Taking the entries below from the top, restate each line exactly and end with the line containing "(intro power_mono) auto".

Stored data:
□ □ □ □

lemma norm_sq_le_of_perturbation:
  fixes E D E' D' :: "'a::real_normed_vector"
  assumes "norm E \<le> norm D" "norm (E - E') \<le> \<delta>" "norm (D - D') \<le> \<delta>'" "norm D' \<le> K"
  shows "(norm E')^2 \<le> (norm D')^2 + (2 * (\<delta> + \<delta>') * K + (\<delta> + \<delta>')^2)"
proof -
  have "0 \<le> \<delta> + \<delta>'" using assms(2,3) norm_ge_zero[of "E - E'"] norm_ge_zero[of "D - D'"] by linarith
  have "norm E' \<le> norm D' + (\<delta> + \<delta>')"
    using assms(1-3) norm_triangle_ineq2[of D D'] norm_triangle_ineq2[of E' E] norm_minus_commute[of E E']
    by linarith
  then have "(norm E')^2 \<le> (norm D' + (\<delta> + \<delta>'))^2" by (intro power_mono) auto
  also have "\<dots> = (norm D')^2 + 2 * (\<delta> + \<delta>') * norm D' + (\<delta> + \<delta>')^2"
    by (simp add: power2_eq_square algebra_simps)
  also have "\<dots> \<le> (norm D')^2 + (2 * (\<delta> + \<delta>') * K + (\<delta> + \<delta>')^2)"
    using assms(4) \<open>0 \<le> \<delta> + \<delta>'\<close> by (simp add: mult_left_mono)
  finally show ?thesis .
qed

lemma partial_norm_sq_le_of_circle_bound:
  fixes e d :: "nat \<Rightarrow> complex"
  assumes n: "n > 0" and \<rho>: "0 \<le> \<rho>"
    and le: "\<And>w. norm w = \<rho> \<Longrightarrow> (norm (\<Sum>k<n. e k * w^k))^2 \<le> (norm (\<Sum>k<n. d k * w^k))^2 + c"
  shows "(\<Sum>k<n. (norm (e k))^2 * \<rho>^(2*k)) \<le> (\<Sum>k<n. (norm (d k))^2 * \<rho>^(2*k)) + c"
proof -
  define w where "w j = of_real \<rho> * exp (2 * pi * \<i> * of_nat j / of_nat n)" for j :: nat
  have nw: "norm (w j) = \<rho>" for j unfolding w_def using \<rho> by (simp add: norm_mult norm_exp_eq_Re)
  have "of_nat n * (\<Sum>k<n. (norm (e k))^2 * \<rho>^(2*k)) = (\<Sum>j<n. (norm (\<Sum>k<n. e k * w j ^ k))^2)"
    unfolding w_def using discrete_parseval[OF n, of e \<rho>] by simp
  also have "\<dots> \<le> (\<Sum>j<n. (norm (\<Sum>k<n. d k * w j ^ k))^2 + c)"
    by (rule sum_mono) (rule le[OF nw])
  also have "\<dots> = of_nat n * ((\<Sum>k<n. (norm (d k))^2 * \<rho>^(2*k)) + c)"
    unfolding w_def using discrete_parseval[OF n, of d \<rho>] by (simp add: sum.distrib algebra_simps)
  finally show ?thesis using n by simp
qed

(* Compare the truncated series at the n-th roots of unity on the circle by discrete Parseval;
   the tails vanish as n grows. *)
lemma powser_circle_norm_sq_le:
  fixes e d :: "nat \<Rightarrow> complex"
  assumes \<rho>: "0 < \<rho>"
    and se: "summable (\<lambda>k. norm (e k) * \<rho>^k)" and sd: "summable (\<lambda>k. norm (d k) * \<rho>^k)"
    and le: "\<And>w. norm w = \<rho> \<Longrightarrow> norm (\<Sum>k. e k * w^k) \<le> norm (\<Sum>k. d k * w^k)"
  shows "(\<Sum>k. (norm (e k))^2 * \<rho>^(2*k)) \<le> (\<Sum>k. (norm (d k))^2 * \<rho>^(2*k))"
proof -
  define tail where "tail c n = (\<Sum>k. norm (c k) * \<rho>^k) - (\<Sum>k<n. norm (c k) * \<rho>^k)"
    for c :: "nat \<Rightarrow> complex" and n
  define \<eta> where "\<eta> n = tail e n + tail d n" for n
  define K where "K = (\<Sum>k. norm (d k) * \<rho>^k)"
  have tail_lim: "tail c \<longlonglongrightarrow> 0" if "summable (\<lambda>k. norm (c k) * \<rho>^k)" for c
    using tendsto_diff[OF tendsto_const summable_LIMSEQ[OF that], of "\<Sum>k. norm (c k) * \<rho>^k"]
    unfolding tail_def by simp
  have truncated: "(\<Sum>k<n. (norm (e k))^2 * \<rho>^(2*k))
      \<le> (\<Sum>k<n. (norm (d k))^2 * \<rho>^(2*k)) + (2 * \<eta> n * K + (\<eta> n)^2)" if "n > 0" for n
  proof (rule partial_norm_sq_le_of_circle_bound[OF that])
    show "0 \<le> \<rho>" using \<rho> by simp
  next
    fix w :: complex assume w: "norm w = \<rho>"
    have "norm (\<Sum>k<n. d k * w ^ k) \<le> (\<Sum>k<n. norm (d k) * \<rho>^k)"
      using norm_sum[of "\<lambda>k. d k * w ^ k" "{..<n}"] by (simp add: norm_mult norm_power w)
    also have "\<dots> \<le> K"
      unfolding K_def by (rule sum_le_suminf[OF sd]) (use \<rho> in auto)
    finally have "norm (\<Sum>k<n. d k * w ^ k) \<le> K" .
    moreover have "norm ((\<Sum>k. c k * w^k) - (\<Sum>k<n. c k * w^k)) \<le> tail c n"
      if "summable (\<lambda>k. norm (c k) * \<rho>^k)" for c
      unfolding tail_def by (rule norm_powser_tail_le[OF that]) (use w in simp)
    ultimately show "(norm (\<Sum>k<n. e k * w ^ k))^2
        \<le> (norm (\<Sum>k<n. d k * w ^ k))^2 + (2 * \<eta> n * K + (\<eta> n)^2)"
      unfolding \<eta>_def using norm_sq_le_of_perturbation[OF le[OF w]] se sd by blast
  qed
  have "\<eta> \<longlonglongrightarrow> 0"
    using tendsto_add[OF tail_lim[OF se] tail_lim[OF sd]] unfolding \<eta>_def by simp
  then have "(\<lambda>n. (\<Sum>k<n. (norm (d k))^2 * \<rho>^(2*k)) + (2 * \<eta> n * K + (\<eta> n)^2))
      \<longlonglongrightarrow> (\<Sum>k. (norm (d k))^2 * \<rho>^(2*k)) + (2 * 0 * K + 0^2)"
    using \<rho> sd by (intro tendsto_intros summable_LIMSEQ summable_norm_sq_powser) auto
  moreover have "(\<lambda>n. \<Sum>k<n. (norm (e k))^2 * \<rho>^(2*k)) \<longlonglongrightarrow> (\<Sum>k. (norm (e k))^2 * \<rho>^(2*k))"
    using \<rho> se by (intro summable_LIMSEQ summable_norm_sq_powser) auto
  ultimately show ?thesis
    using truncated by (intro LIMSEQ_le) (auto intro: exI[of _ 1])
qed

section \<open>Power series bounded by one on the disc\<close>

lemma summable_norm_powser_inside:
  fixes b :: "nat \<Rightarrow> 'a::{real_normed_div_algebra,banach}"
  assumes sb: "\<And>w. norm w < 1 \<Longrightarrow> summable (\<lambda>k. b k * w^k)" and \<rho>: "0 \<le> \<rho>" "\<rho> < 1"
  shows "summable (\<lambda>k. norm (b k) * \<rho>^k)"
proof -
  define r where "r = (1 + \<rho>) / 2"
  have r: "\<rho> < r" "r < 1" using \<rho> unfolding r_def by auto
  have "summable (\<lambda>k. b k * of_real r ^ k)" using r \<rho> by (intro sb) simp
  then have "summable (\<lambda>k. norm (b k * of_real \<rho> ^ k))" by (rule powser_insidea) (use r \<rho> in simp)
  then show ?thesis using \<rho> by (simp add: norm_mult norm_power)
qed

lemma powser_holomorphic_on_ball:
  fixes b :: "nat \<Rightarrow> complex"
  assumes "\<And>w. norm w < 1 \<Longrightarrow> summable (\<lambda>k. b k * w^k)"
  shows "(\<lambda>w. \<Sum>k. b k * w^k) holomorphic_on ball 0 1"
proof -
  have "1 \<le> conv_radius b" by (rule conv_radius_geI_ex') (use assms in auto)
  then have "ereal (norm w) < conv_radius b" if "norm w < 1" for w :: complex
    using that by (meson ereal_less(3) order.strict_trans2)
  then show ?thesis
    unfolding holomorphic_on_open[OF open_ball]
    using has_field_derivative_powser by fastforce
qed

context
  fixes b :: "nat \<Rightarrow> complex"
  assumes summable_b: "\<And>w. norm w < 1 \<Longrightarrow> summable (\<lambda>k. b k * w^k)"
    and bounded_b: "\<And>w. norm w < 1 \<Longrightarrow> norm (\<Sum>k. b k * w^k) \<le> 1"
begin

lemma norm_coeff_zero_le_one: "norm (b 0) \<le> 1"
  using bounded_b[of 0] by (simp add: powser_zero)
lemma frenet_system_middle_component_eq_0:
  fixes a b c k \<sigma> :: "real \<Rightarrow> real"
  assumes I: "is_interval I" "open I"
    and k: "continuous_on I k" "\<forall>s\<in>I. k s > 0" and \<sigma>: "continuous_on I \<sigma>"
    and da: "\<And>s. s \<in> I \<Longrightarrow> (a has_real_derivative k s * b s) (at s)"
    and db: "\<And>s. s \<in> I \<Longrightarrow> (b has_real_derivative - k s * a s + \<sigma> s * c s) (at s)"
    and dc: "\<And>s. s \<in> I \<Longrightarrow> (c has_real_derivative - \<sigma> s * b s) (at s)"
    and c: "\<forall>s\<in>I. c s = c0" and s1: "s1 \<in> I" "\<sigma> s1 \<noteq> 0"
  shows "\<forall>s\<in>I. b s = 0"
proof -
  have \<sigma>b: "\<sigma> s * b s = 0" if "s \<in> I" for s
    using DERIV_locally_constant_eq_0[OF I(2) that c dc[OF that]] by simp
  have "(\<lambda>s. a s ^ 2 + b s ^ 2) constant_on I"
  proof (rule constant_on_if_has_real_derivative_0[OF I(1)])
    fix s assume s: "s \<in> I"
    have "((\<lambda>s. a s ^ 2 + b s ^ 2) has_real_derivative
        2 * a s * (k s * b s) + 2 * b s * (- k s * a s + \<sigma> s * c s)) (at s)"
      by (auto intro!: derivative_eq_intros da[OF s] db[OF s])
    moreover have "2 * a s * (k s * b s) + 2 * b s * (- k s * a s + \<sigma> s * c s) = 2 * c s * (\<sigma> s * b s)"
      by (simp add: algebra_simps)
    ultimately show "((\<lambda>s. a s ^ 2 + b s ^ 2) has_real_derivative 0) (at s)"
      using \<sigma>b[OF s] by simp
  qed
  then obtain M where M: "\<And>s. s \<in> I \<Longrightarrow> a s ^ 2 + b s ^ 2 = M"
    unfolding constant_on_def by blast
  show ?thesis
  proof (cases "M = 0")
    case True
    then show ?thesis using M by (simp add: sum_power2_eq_zero_iff)
  next
    case False
    \<comment> \<open>Where \<sigma> does not vanish, b vanishes nearby, so b' = 0 forces k a = \<sigma> c0 and a^2 = M;
      where \<sigma> = 0 the expression (\<sigma> c0 / k)^2 is 0. By connectedness only one case occurs.\<close>
    define \<psi> where "\<psi> s = (\<sigma> s * c0 / k s) ^ 2" for s
    have \<psi>_nonzero: "\<psi> s = M" if s: "s \<in> I" "\<sigma> s \<noteq> 0" for s
    proof -
      define S where "S = \<sigma> -` (- {0}) \<inter> I"
      have "open S"
        unfolding S_def using \<sigma> continuous_on_open_vimage[OF I(2)] open_Compl[OF closed_singleton]
        by blast
      moreover have "s \<in> S" "\<forall>y\<in>S. b y = 0"
        using s \<sigma>b unfolding S_def by auto
      ultimately have "- k s * a s + \<sigma> s * c s = 0"
        by (rule DERIV_locally_constant_eq_0[OF _ _ _ db[OF s(1)]])
      moreover have "k s > 0" "c s = c0"
        using k(2) c s(1) by blast+
      ultimately have "a s = \<sigma> s * c0 / k s"
        by (simp add: field_simps)
      moreover have "a s ^ 2 = M"
        using M[OF s(1)] \<sigma>b[OF s(1)] s(2) by simp
      ultimately show ?thesis unfolding \<psi>_def by simp
    qed
    have "\<psi> constant_on I"
    proof (rule continuous_finite_range_constant)
      show "connected I" using I(1) is_interval_connected by blast
      show "continuous_on I \<psi>"
        unfolding \<psi>_def using k by (auto intro!: continuous_intros \<sigma>)
      have "\<psi> ` I \<subseteq> {M, 0}"
        using \<psi>_nonzero by (auto simp: \<psi>_def)
      then show "finite (\<psi> ` I)" by (rule finite_subset) simp
    qed
    then obtain p where p: "\<And>s. s \<in> I \<Longrightarrow> \<psi> s = p"
      unfolding constant_on_def by blast
    have "p = M"
      using p[OF s1(1)] \<psi>_nonzero[OF s1] by simp
    then have "\<sigma> s \<noteq> 0" if "s \<in> I" for s
      using p[OF that] False by (auto simp: \<psi>_def)
    then show ?thesis using \<sigma>b by simp
  qed
qed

□ □ □ □

▶ [Response area]:
lemma norm_sq_le_of_perturbation:
  fixes E D E' D' :: "'a::real_normed_vector"
  assumes "norm E \<le> norm D" "norm (E - E') \<le> \<delta>" "norm (D - D') \<le> \<delta>'" "norm D' \<le> K"
  shows "(norm E')^2 \<le> (norm D')^2 + (2 * (\<delta> + \<delta>') * K + (\<delta> + \<delta>')^2)"
proof -
  have "0 \<le> \<delta> + \<delta>'" using assms(2,3) norm_ge_zero[of "E - E'"] norm_ge_zero[of "D - D'"] by linarith
  have "norm E' \<le> norm D' + (\<delta> + \<delta>')"
    using assms(1-3) norm_triangle_ineq2[of D D'] norm_triangle_ineq2[of E' E] norm_minus_commute[of E E']
    by linarith
  then have "(norm E')^2 \<le> (norm D' + (\<delta> + \<delta>'))^2" by (intro power_mono) auto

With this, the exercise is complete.